- St Stephen Location within Hertfordshire
- Area: 8.99 sq mi (23.3 km^{2})
- Population: 13,865 (2011)
- • Density: 1,542/sq mi (595/km^{2})
- OS grid reference: TL132053
- • London: 17 mi (27 km) SSE
- Civil parish: St Stephen;
- District: St Albans;
- Shire county: Hertfordshire;
- Region: East;
- Country: England
- Sovereign state: United Kingdom
- Post town: ST ALBANS
- Postcode district: AL2
- Post town: ABBOTS LANGLEY
- Postcode district: WD5
- Post town: RADLETT
- Postcode district: WD7
- Police: Hertfordshire
- Fire: Hertfordshire
- Ambulance: East of England
- Website: St Stephen Parish Council

= St Stephen, Hertfordshire =

Civil parish in Hertfordshire, England

St Stephen is a civil parish in the St Albans City and District in Hertfordshire, England. It is located approximately 17 mi north-northwest of central London, straddling the M25 motorway and immediately adjacent to the southern boundary of St Albans. St Stephen is a partly urbanised parish with multiple centres of activity and open land that forms part of the Metropolitan Green Belt. The local council is St Stephen Parish Council. The parish covers Bricket Wood, Chiswell Green, Frogmore, Colney Street, How Wood and Park Street. It is an ancient parish, and sections of it were transferred to St Albans progressively up to 1935. At the 2011 census it had a population of 13,865.

==History==
St Stephen is an ancient parish named after the 10th century St Stephen's Church in St Albans. Part of the parish was within the Municipal Borough of St Albans from 1835 until 1894. The part within the borough was transferred to the parish of St Albans in 1894.

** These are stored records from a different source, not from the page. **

lemma linear_first_contract_sym_outer:
  assumes "A \<in> sym_tensors q" and "length r + 1 = q"
  shows "linear (\<lambda>x. contract (sym_outer q A v) s (x # r))"
proof -
  have A: "symmetric_tensor q A" "A \<in> tensors q"
    using assms(1) by (simp_all add: sym_tensors_def)
  have "contract (sym_outer q A v) s (x # r) = inverse (Suc q) * ((v \<bullet> s) * A (x # r)
      + A (s # r) * (v \<bullet> x) + (\<Sum>k<length r. (v \<bullet> r ! k) * A (s # x # remove_nth k r)))" for x
  proof -
    have "contract (sym_outer q A v) s (x # r) = ((v \<bullet> s) * A (x # r)
        + (\<Sum>k<Suc (length r). (v \<bullet> (x # r) ! k) * A (s # remove_nth k (x # r)))) / Suc q"
      using contract_sym_outer_apply[OF A(1), of "x # r"] assms(2) by (simp add: mult.commute)
    then show ?thesis
      by (simp only: sum.lessThan_Suc_shift) (simp add: field_simps)
  qed
  moreover have "linear (\<lambda>x. A (x # r))" "\<And>k. k < length r \<Longrightarrow> linear (\<lambda>x. A (s # x # remove_nth k r))"
    using tensors_linear_slot[OF A(2), of "[]" r] tensors_linear_slot[OF A(2), of "[s]"] assms(2)
    by (simp_all add: length_remove_nth)
  ultimately show ?thesis
    by (simp only:)
      (intro linear_const_mult real_vector.linear_compose_add real_vector.linear_compose_sum
        bounded_linear_inner_right[THEN bounded_linear.linear] ballI; simp)
qed
lemma parts_above_le_Suc:
  assumes "sorted_wrt (>) lam"
  shows "parts_above d lam \<le> Suc (parts_above (Suc d) lam)"
  using assms
proof (induction lam)
  case Nil then show ?case by (simp add: parts_above_def)
next
  case (Cons h t)
  have ht: "\<forall>x\<in>set t. x < h" using Cons.prems(1) by simp
  show ?case
  proof (cases "Suc d < h")
    case True then show ?thesis using Cons by (simp add: parts_above_def)
  next
    case False
    then have "filter (\<lambda>x. d < x) t = []" using ht by (auto simp: filter_empty_conv)
    then show ?thesis using False by (simp add: parts_above_def)
  qed
qed

lemma parts_above_eq_0: "sum_list lam \<le> d \<Longrightarrow> parts_above d lam = 0"
  unfolding parts_above_def by (induction lam) auto

lemma rank_le_imp_fst_le: "rank u \<le> rank v \<Longrightarrow> 1 \<le> fst u \<Longrightarrow> fst u \<le> fst v"
  by (cases u; cases v) (auto simp: rank_def split: if_splits)

lemma rank_le_marked: "rank u \<le> rank v \<Longrightarrow> fst u = fst v \<Longrightarrow> 1 \<le> fst u \<Longrightarrow> snd v \<Longrightarrow> snd u"
  by (cases u; cases v) (auto simp: rank_def split: if_splits)

lemma rank_le_unmarked:
  "rank u \<le> rank v \<Longrightarrow> fst u = fst v \<Longrightarrow> 1 \<le> fst u \<Longrightarrow> \<not> snd u \<Longrightarrow> \<not> snd v"
  by (cases u; cases v) (auto simp: rank_def split: if_splits)
lemma topspace_T: "topspace T = node ` X"
proof -
  have "{x\<in>X. node x \<in> node ` X} = X" by auto
  then have "openin T (node ` X)" unfolding openin_T by simp
  then have "node ` X \<subseteq> topspace T" by (rule openin_subset)
  moreover have "topspace T \<subseteq> node ` X" using openin_T[of "topspace T"] by simp
  ultimately show ?thesis by blast
qed

lemma openin_node_image:
  assumes "openin (top_of_set X) U" and "\<And>x y. x \<in> U \<Longrightarrow> y \<in> X \<Longrightarrow> node y = node x \<Longrightarrow> y \<in> U"
  shows "openin T (node ` U)"
proof -
  have UX: "U \<subseteq> X" using openin_subset[OF assms(1)] by simp
  have "{x\<in>X. node x \<in> node ` U} = U"
  proof (intro equalityI subsetI)
    fix x assume "x \<in> {x\<in>X. node x \<in> node ` U}"
    then obtain z where "x \<in> X" "z \<in> U" "node x = node z" by auto
    then show "x \<in> U" using assms(2) by blast
  qed (use UX in auto)
  then show ?thesis unfolding openin_T using assms(1) UX by auto
qed

lemma merge_height_set_nonempty:
  assumes "v \<in> X" and "w \<in> X"
  shows "{b. w \<in> cc b v} \<noteq> {}"
proof -
  obtain xm where "xm \<in> X" "\<forall>x\<in>X. f x \<le> f xm"
    using continuous_attains_sup[OF compact_X _ continuous_f] assms by auto
  then have "w \<in> cc (f xm) v" using cc_eq_X assms by auto
  then show ?thesis by auto
qed

lemma merge_height_le:
  assumes "w \<in> cc b v"
  shows "mh v w \<le> b"
proof -
  have "bdd_below {b. w \<in> cc b v}" using cc_base by (intro bdd_belowI[of _ "f v"]) blast
  then show ?thesis unfolding merge_height_def using assms by (intro cInf_lower) simp_all
qed

lemma merge_height_ge:
  assumes "v \<in> X" and "w \<in> X"
  shows "f v \<le> mh v w"
  unfolding merge_height_def
proof (rule cInf_greatest[OF merge_height_set_nonempty[OF assms]])
  fix b assume "b \<in> {b. w \<in> cc b v}"
  then show "f v \<le> b" using cc_base by blast
qed

lemma merge_height_sym: "mh v w = mh w v"
proof -
  have "{b. w \<in> cc b v} = {b. v \<in> cc b w}" using cc_sym by blast
  then show ?thesis unfolding merge_height_def by simp
qed

lemma mem_cc_merge_height:
  assumes "v \<in> X" and "w \<in> X"
  shows "w \<in> cc (mh v w) v"
proof (rule mem_cc_of_mem_cc_add)
  fix e :: real assume "e > 0"
  then have "Inf {b. w \<in> cc b v} < mh v w + e" unfolding merge_height_def by simp
  then obtain b where "w \<in> cc b v" "b < mh v w + e"
    using cInf_lessD[OF merge_height_set_nonempty[OF assms]] by auto
  then show "w \<in> cc (mh v w + e) v" using cc_mono[of b "mh v w + e" v] by auto
qed

text \<open>All points of a crest are identified in \<open>T\<close>, and removing this single point separates \<open>T\<close>
  into the part of the component strictly below \<open>h\<close> and the part outside it.\<close>
definition crest :: "'a \<Rightarrow> real \<Rightarrow> 'a set" where
  "crest v h = {y \<in> cc h v. f y = h}"

lemma crestD: "y \<in> crest v h \<Longrightarrow> y \<in> X \<and> f y = h \<and> y \<in> cc h v"
  unfolding crest_def using cc_subset by blast

lemma node_crest_eq:
  assumes "y \<in> crest v h" and "y' \<in> crest v h"
  shows "node y = node y'"
proof -
  have y: "y \<in> X" "f y = h" "y \<in> cc h v" and y': "y' \<in> X" "f y' = h" "y' \<in> cc h v"
    using crestD assms by auto
  then have "y' \<in> cc (f y) y" using cc_eq[OF y(3)] by simp
  then show ?thesis using node_eq_iff y y' unfolding mt_rel_def by simp
qed

lemma node_saturated_below:
  assumes "x \<in> cc b v" "f x < b" and "y \<in> X" "node y = node x"
  shows "y \<in> cc b v \<and> f y < b"
proof -
  have "x \<in> X" using assms(1) cc_subset by blast
  then have "mt_rel X f x y" using node_eq_iff assms(3,4) by blast
  then have "f y = f x" "y \<in> cc (f x) x" using mt_relD by blast+
  moreover have "cc (f x) x \<subseteq> cc b v" using cc_mono[of "f x" b x] cc_eq[OF assms(1)] assms(2) by simp
  ultimately show ?thesis using assms(2) by auto
qed

lemma node_saturated_outside:
  assumes "x \<in> X - cc b v" and "y \<in> X" "node y = node x"
  shows "y \<in> X - cc b v"
proof (rule ccontr)
  assume "y \<notin> X - cc b v"
  then have y: "y \<in> cc b v" using assms(2) by blast
  have "mt_rel X f y x" using node_eq_iff assms by blast
  then have "f y = f x" "x \<in> cc (f y) y" using mt_relD by auto
  moreover have "f y \<le> b" using y cc_subset by blast
  ultimately have "x \<in> cc b y" using cc_mono[of "f y" b y] by auto
  then show False using cc_eq[OF y] assms(1) by simp
qed

lemma openin_node_below: "openin T (node ` {x\<in>cc b v. f x < b})"
  by (rule openin_node_image[OF openin_cc_below]) (use node_saturated_below in blast)

lemma openin_node_outside: "openin T (node ` (X - cc b v))"
proof (rule openin_node_image)
  show "openin (top_of_set X) (X - cc b v)"
    unfolding Diff_eq by (rule openin_open_Int[OF open_Compl[OF closed_cc]])
qed (use node_saturated_outside in blast)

The remaining part of the parish became part of St Albans Rural District in 1894 and the St Stephen Parish Council was created.

335 acres of the parish were transferred to St Albans in 1913 and 712 acres in 1935.

==Government==
St Stephen Parish Council is elected from wards as follows:
- Bricket Wood (4 councillors)
- Chiswell Green (3 councillors)
- Park Street (5 councillors)
The parish council offices are in Bricket Wood.

==Geography==
The parish is located to the southwest of St Albans and includes the areas of Bricket Wood, Chiswell Green, Colney Street, Frogmore, How Wood and Park Street.